- Born: Judith Lynn Stillman New York City, United States
- Origin: Providence, Rhode Island, United States
- Education: Juilliard School (BM, MM, DMA)
- Genres: Classical music
- Occupations: Pianist; Composer; Filmmaker; Music educator;
- Instrument: Piano
- Member of: Lancaster Festival Orchestra
- Website: judithlynnstillman.com

= Judith Lynn Stillman =

American musician and educator

Judith Lynn Stillman is an American classical pianist, composer, filmmaker, and music educator. She is the artist-in-residence and a professor of music at Rhode Island College and has performed as a soloist and chamber musician internationally.

==Early life and education==
Stillman was born in New York City. She began piano lessons at the age of three and was performing publicly by five. At nine, she entered the Juilliard School's pre-college division. She earned Bachelor's, Master's, and Doctor of Musical Arts degrees from Juilliard. During her studies, she won the Juilliard Concerto Competition and the Dethier Prize.

==Career==
===Teaching===
After completing her doctorate, Stillman joined the faculty of Rhode Island College as Artist-in-Residence and a Professor of music. She has received institutional honors including the Maixner Award for Outstanding Teaching, the Thorp Award for Scholarly and Creative Activity, and a faculty award from Alumni and College Relations.

===Performance===
Stillman has performed at venues and festivals including Carnegie Hall, Alice Tully Hall, Avery Fisher Hall, Lincoln Center, Marlboro, and Tanglewood, and has toured as a visiting artist in countries such as China, Russia, France, Israel, the United Kingdom, and Canada.

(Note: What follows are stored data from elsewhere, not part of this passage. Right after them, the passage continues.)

text \<open>
  Expand \<open>h\<close> in its Fourier series and write \<open>e\<^sub>n\<close> for the energy \<open>a\<^sub>n\<^sup>2 + b\<^sub>n\<^sup>2\<close> of the
  \<open>n\<close>-th mode (\<open>a\<^sub>0\<^sup>2 / 2\<close> for \<open>n = 0\<close>). Each derivative multiplies the \<open>n\<close>-th coefficients by
  \<open>n\<close> and rotates them, so by Parseval's identity every integral in the functional is a series
  in the \<open>e\<^sub>n\<close>, and the functional equals \<open>\<pi> \<Sum>\<^sub>n w\<^sub>n e\<^sub>n\<close>. The identity
  \<open>(t - 1) S\<^sub>m(t) = P\<^sub>m(t) - P\<^sub>m(1)\<close> together with the values \<open>P\<^sub>m(1)\<close> and \<open>P\<^sub>m(0)\<close> collapses the
  weights to \<open>w\<^sub>0 = 0\<close> and \<open>w\<^sub>n = (n\<^sup>2 - 1) P\<^sub>m(n\<^sup>2)\<close> for \<open>n \<ge> 1\<close>. Since \<open>P\<^sub>m\<close> vanishes at
  \<open>2\<^sup>2, \<dots>, m\<^sup>2\<close> and is positive beyond \<open>m\<^sup>2\<close>, all \<open>w\<^sub>n \<ge> 0\<close>, with equality exactly for
  \<open>n \<le> m\<close>; hence the functional vanishes iff \<open>h\<close> has no modes above \<open>m\<close>.

  Parseval's identity for continuous \<open>2\<pi>\<close>-periodic functions is derived from Bessel's identity
  and the uniform density of trigonometric polynomials, which is Stone--Weierstrass on the
  unit circle.
\<close>

lemma continuous_on_UNIV_integrable:
  fixes f :: "real \<Rightarrow> 'a::banach"
  assumes "continuous_on UNIV f"
  shows "f integrable_on {a..b}"
  by (rule integrable_continuous_real[OF continuous_on_subset[OF assms]]) simp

She has collaborated with artists including Jordan Rudess, Sara Sant'Ambrogio, Carol Wincenc, Will Liverman, Wynton Marsalis, Mark O'Connor, Richard Stoltzman, András Schiff, and members of the Borromeo, Muir, and Lydian string quartets. She has also appeared as a guest artist with The Beach Boys.

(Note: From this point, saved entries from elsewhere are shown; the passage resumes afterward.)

inductive spec_open :: "('a, 'b) pring_scheme \<Rightarrow> 'a set set \<Rightarrow> bool" for A where
  whole: "spec_open A (spec_pts A)"
| basic: "a \<in> pcarrier A \<Longrightarrow> spec_open A (basicD A a)"
| inter: "spec_open A U \<Longrightarrow> spec_open A V \<Longrightarrow> spec_open A (U \<inter> V)"
| union: "(\<And>U. U \<in> K \<Longrightarrow> spec_open A U) \<Longrightarrow> spec_open A (\<Union>K)"

definition mult_set :: "('a, 'b) pring_scheme \<Rightarrow> 'a set set \<Rightarrow> 'a set" where
  "mult_set A U = {a \<in> pcarrier A. \<forall>P\<in>U. a \<notin> P}"

definition frac_cls :: "('a, 'b) pring_scheme \<Rightarrow> 'a set \<Rightarrow> 'a \<Rightarrow> 'a \<Rightarrow> ('a \<times> 'a) set" where
  "frac_cls A S a s = {(b, t). b \<in> pcarrier A \<and> t \<in> S \<and>
      (\<exists>u\<in>S. pmult A u (pmult A t a) = pmult A u (pmult A s b))}"

definition loc_carrier :: "('a, 'b) pring_scheme \<Rightarrow> 'a set \<Rightarrow> ('a \<times> 'a) set set" where
  "loc_carrier A S = {frac_cls A S a s | a s. a \<in> pcarrier A \<and> s \<in> S}"

definition loc_mult :: "('a, 'b) pring_scheme \<Rightarrow> 'a set \<Rightarrow> ('a \<times> 'a) set \<Rightarrow> ('a \<times> 'a) set \<Rightarrow> ('a \<times> 'a) set" where
  "loc_mult A S x y = \<Union>{frac_cls A S (pmult A a b) (pmult A s t) | a s b t. (a, s) \<in> x \<and> (b, t) \<in> y}"

definition loc_summable :: "('a, 'b) pring_scheme \<Rightarrow> 'a set \<Rightarrow> ('a \<times> 'a) set \<Rightarrow> ('a \<times> 'a) set \<Rightarrow> bool" where
  "loc_summable A S x y \<longleftrightarrow> x \<in> loc_carrier A S \<and> y \<in> loc_carrier A S \<and>
     (\<exists>a b u. (a, u) \<in> x \<and> (b, u) \<in> y \<and> psummable A a b)"

definition loc_add :: "('a, 'b) pring_scheme \<Rightarrow> 'a set \<Rightarrow> ('a \<times> 'a) set \<Rightarrow> ('a \<times> 'a) set \<Rightarrow> ('a \<times> 'a) set" where
  "loc_add A S x y = \<Union>{frac_cls A S (padd A a b) u | a b u. (a, u) \<in> x \<and> (b, u) \<in> y \<and> psummable A a b}"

Stillman is the artistic director and pianist of the chamber music series "Judith Lynn Stillman and Friends from the Rhode Island Philharmonic Orchestra" and serves as the principal keyboardist with the Lancaster Festival Orchestra in Ohio.

In 2024, Stillman served as the on-stage music director and pianist for a production of Amadeus at Rhode Island’s Gamm Theatre.

===Composition===
Stillman composes and produces multimedia events that combine music with theatrical and visual elements. Her works include the short opera Essential Business, which won first prize in the international #OperaHarmony competition; Small Step, Giant Leap: A Lunar Fantasy, a multimedia piece for the 50th anniversary of Apollo 11; and song cycles such as Phoenix from the Ashes, based on poetry from the Terezín concentration camp, and When the Music Stopped, commemorating the Armenian Genocide Centennial.

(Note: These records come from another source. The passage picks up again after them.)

(* Let $\varphi$ be a random dynamical system with memoryless noise on $X$ (setting in the context), let $\rho$ be an ergodic probability measure of the Markov transition probabilities $(\varphi_x^t)$, and let $O:=\{(\omega,x)\in\Omega\times X : x \text{ is asymptotically stable under } \omega\}$. The following are equivalent: (i) $(\mathbb{P}\otimes\rho)(O)=1$; (ii) $(\mathbb{P}\otimes\rho)(O)>0$; (iii) $\mathbb{P}(\omega : \exists \text{ open } U\subset X \text{ with } U\cap\mathrm{supp}\,\rho\neq\emptyset \text{ such that } U \text{ contracts under } \omega)>0$.
   Context: Setting. $\mathbb{T}$ is $\mathbb{Z}$ or $\mathbb{R}$, $\mathbb{T}^+ := \mathbb{T}\cap[0,\infty)$. $(\Omega,\mathcal{F})$ is a measurable space with sub-$\sigma$-algebras $(\mathcal{F}_s^{s+t})_{s\in\mathbb{T},t\in\mathbb{T}^+}$ such that $\mathcal{F}_{t_1}^{t_2}\subset\mathcal{F}_{t_0}^{t_3}$ whenever $t_0\le t_1\le t_2\le t_3$, and these generate $\mathcal{F}$. Write $\mathcal{F}_s^\infty:=\sigma(\mathcal{F}_s^{s+t}:t\in\mathbb{T}^+)$ and $\mathcal{F}_{-\infty}^t:=\sigma(\mathcal{F}_{t-s}^t:s\in\mathbb{T}^+)$. $(\theta^t)_{t\in\mathbb{T}}$ is a group of measurable maps $\Omega\to\Omega$ with $\theta^\tau\mathcal{F}_s^t=\mathcal{F}_{s-\tau}^{t-\tau}$. $\mathbb{P}$ is a probability measure on $(\Omega,\mathcal{F})$ with $\theta^t_*\mathbb{P}=\mathbb{P}$ for all $t$, and such that for each $t$, $\mathcal{F}_{-\infty}^t$ and $\mathcal{F}_t^\infty$ are $\mathbb{P}$-independent. $(X,d)$ is a separable metric space which is a Borel subset of its $d$-completion. $\varphi=(\varphi(t,\omega))_{t\in\mathbb{T}^+,\omega\in\Omega}$ is a family of continuous maps $X\to X$ such that (a) $\omega\mapsto\varphi(t,\omega)x$ is $(\mathcal{F}_0^t,\mathcal{B}(X))$-measurable; (b) $\varphi(0,\omega)=\mathrm{id}_X$; (c) $\varphi(s+t,\omega)=\varphi(t,\theta^s\omega)\circ\varphi(s,\omega)$; (d) if $t_n\downarrow t$ in $\mathbb{T}^+$ and $x_n\to x$ then $\varphi(t_n,\omega)x_n\to\varphi(t,\omega)x$ for all $\omega$. The Markov transition probabilities are $\varphi_x^t(A):=\mathbb{P}(\omega:\varphi(t,\omega)x\in A)$; an ergodic probability measure of $(\varphi_x^t)$ is an ergodic stationary probability measure for these transition probabilities. A set $A\subset X$ contracts under $\omega$ if $\mathrm{diam}(\varphi(t,\omega)A)\to0$ as $t\to\infty$; $x$ is asymptotically stable under $\omega$ if some neighbourhood of $x$ contracts under $\omega$. (The set $O$ is $\mathcal{F}_0^\infty\otimes\mathcal{B}(X)$-measurable.) *)

theory Defs
  imports "HOL-Probability.Probability"
begin

text \<open>Time is modelled inside the reals: the time set TT is either the integers
  (as a subset of the reals) or all of the reals. TTp is its nonnegative part.\<close>

definition TTp :: "real set \<Rightarrow> real set" where
  "TTp TT = TT \<inter> {0..}"

definition future_alg :: "'w measure \<Rightarrow> real set \<Rightarrow> (real \<Rightarrow> real \<Rightarrow> 'w set set) \<Rightarrow> real \<Rightarrow> 'w set set" where
  "future_alg P TT F s = sigma_sets (space P) (\<Union>t\<in>TTp TT. F s (s + t))"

She is also the creator of Play-within-a-Concert, a multidisciplinary live format presenting biographical narratives of composers through music, theatre, and film. Productions include Beethoven: Torment and Triumph, Mozart’s Musical Mystery Tour, April in Paris with Poulenc, and Dvořák: A Bohemian Rhapsody.

===Film===
Stillman's film projects have been recognized at numerous festivals. Titles include the opera film Essential Business, honored by Opera Europa; Vanishing Act: A Fantasy on Extinction, which earned awards from the Five Continents and Global Music Awards festivals; and When the Music Stopped, an official selection of the Glendale Film Festival. Other prize-winning films include A Woman’s Place Is in the House, Beneath a Silent Blue Sky, and Women Trailblazers in Music.

==Personal life==
Stillman resides in Providence, Rhode Island. In 2016, she traveled to refugee camps in Greece to perform for Syrian and Afghan refugees, inspiring her “Refugee Artistry” initiative.

==Discography==
===Selected albums===
- 1993 – On the Twentieth Century with Wynton Marsalis
- 1994 – Christmas Remembered
- 1994 – Classics Remembered
- 1994 – Piano Silhouettes
- 1994 – Seasons Remembered
- 2004 – Chardonnay Classics
- 2004 – Christmas Reflections
- 2013 – Viennese Gems with Richard Stoltzman
- 2017 – Bernstein: Chamber and Concert Music featuring Judith Lynn Stillman, Wynton Marsalis, Yo-Yo Ma, Joshua Bell and Richard Stoltzman

==Awards and honors==
Stillman has won eighteen international and national piano competitions. In 1997, she received the inaugural Rhode Island Pell Award for Excellence in the Arts. In 2017, she became the first recipient of the Christiana Carteaux Bannister Award for Civil Service in the Arts. In 2019, she was named an Honored Artist by The American Prize for piano and composition, and in 2023, Providence Business News honored her as Creative Services Industry Leader.